I welcome the efforts that have been made at the Old Bailey in holding trials spread out in three courts, though I am concerned at reports of the practical arrangements whereby the back row of the jury abuts the dock.  If this is correct, there may be danger of jury tampering.

To oppose all changes to trials to deal with the present crisis is not persuasive.

In wartime jury numbers were reduced from 12 to 7. In Northern Ireland I believe there are still some criminal trials where the judge sits alone without a jury. Inevitably, there could be a problem where a judge has ruled on admissibility and procedures before the main trial. My understanding is that despite the smallness of the judiciary, by careful allocation of judges, the “contamination” of a trial by the previous involvement of a judge was avoided.

It was for the Attorney General to determine whether a “Diplock” trial was appropriate for terrorist offences. I took the view as the Attorney General in a period of a diminishing number of such cases, that only in the most obvious of terrorist related cases that Diplock trials were appropriate.  I have no recollection of any complaint. To the contrary, the judiciary coped wisely with their new roles.

The victim, particularly in rape cases...deserves to have the trauma of a trial removed at the earliest possible time

I cannot see any reason why a defendant should be deprived of the opportunity for a speedy trial before a judge and two magistrates if he/she wishes.  In my experience, sitting many times as a recorder in Knightsbridge Crown Court with magistrates, justice was delivered speedily in such a court.

There is, however, a more fundamental problem which should never have been allowed to exist. So many crown buildings have been sold, and a drastic reduction in the number of court sittings.  The root lies in the unfortunate earlier settlement by the Ministry of Justice at the beginning of the austerity cuts.

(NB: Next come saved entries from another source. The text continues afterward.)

text \<open>Descend on w i - w j: the position carrying the value w j + 1 forms an inversion with
  i or with j whose value difference is smaller.\<close>
lemma inversion_with_adjacent_values:
  assumes perm: "w permutes {1..k}" and "inversions k w \<noteq> {}"
  shows "\<exists>n m. (n, m) \<in> inversions k w \<and> w n = w m + 1"
proof -
  obtain i j where ij: "(i, j) \<in> inversions k w" using assms(2) by auto
  have "\<exists>n m. (n, m) \<in> inversions k w \<and> w n = w m + 1"
    if "(i, j) \<in> inversions k w" "w i - w j = d" for i j d
    using that
  proof (induction d arbitrary: i j rule: less_induct)
    case (less d)
    have ij: "1 \<le> i" "i < j" "j \<le> k" "w j < w i" using less.prems by (auto simp: inversions_def)
    show ?case
    proof (cases "w i = w j + 1")
      case True
      then show ?thesis using less.prems by blast
    next
      case False
      obtain p where p: "w p = w j + 1" using permutes_surj[OF perm] by (metis surjD)
      have "w i \<in> {1..k}" using permutes_in_image[OF perm, of i] ij by simp
      then have p_range: "p \<in> {1..k}" using p ij False permutes_in_image[OF perm, of p] by auto
      have "p \<noteq> j" using p by auto
      then consider "p < j" | "j < p" by linarith
      then show ?thesis
      proof cases
        case 1
        then have "(p, j) \<in> inversions k w" using p_range ij p by (auto simp: inversions_def)
        moreover have "w p - w j < d" using less.prems(2) p ij False by auto
        ultimately show ?thesis using less.IH by blast
      next
        case 2
        then have "(i, p) \<in> inversions k w" using p_range ij p False by (auto simp: inversions_def)
        moreover have "w i - w p < d" using less.prems(2) p ij False by auto
        ultimately show ?thesis using less.IH by blast
      qed
    qed
  qed
  then show ?thesis using ij by blast
qed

If ever there was a need for close scrutiny by the Justice Committee of the House of Commons, this is it.

I return to the dangers of “justice delayed is justice denied”. Memories of witnesses do not improve with time. The victim, particularly in rape cases, where I fear I have indulged in long cross-examinations, deserves to have the trauma of a trial removed at the earliest possible time and they are not the only parties with an interest in the speedy resolution of cases.

When the legislation is produced, I will look at it fairly, bearing in mind that for the duration, tackling the backlog and speeding up justice, both for defendants and victims, should loom large in our minds.

 

Lord Morris is a Labour member of the House of Lords and former Attorney General for England and Wales and Northern Ireland, 1997-1999.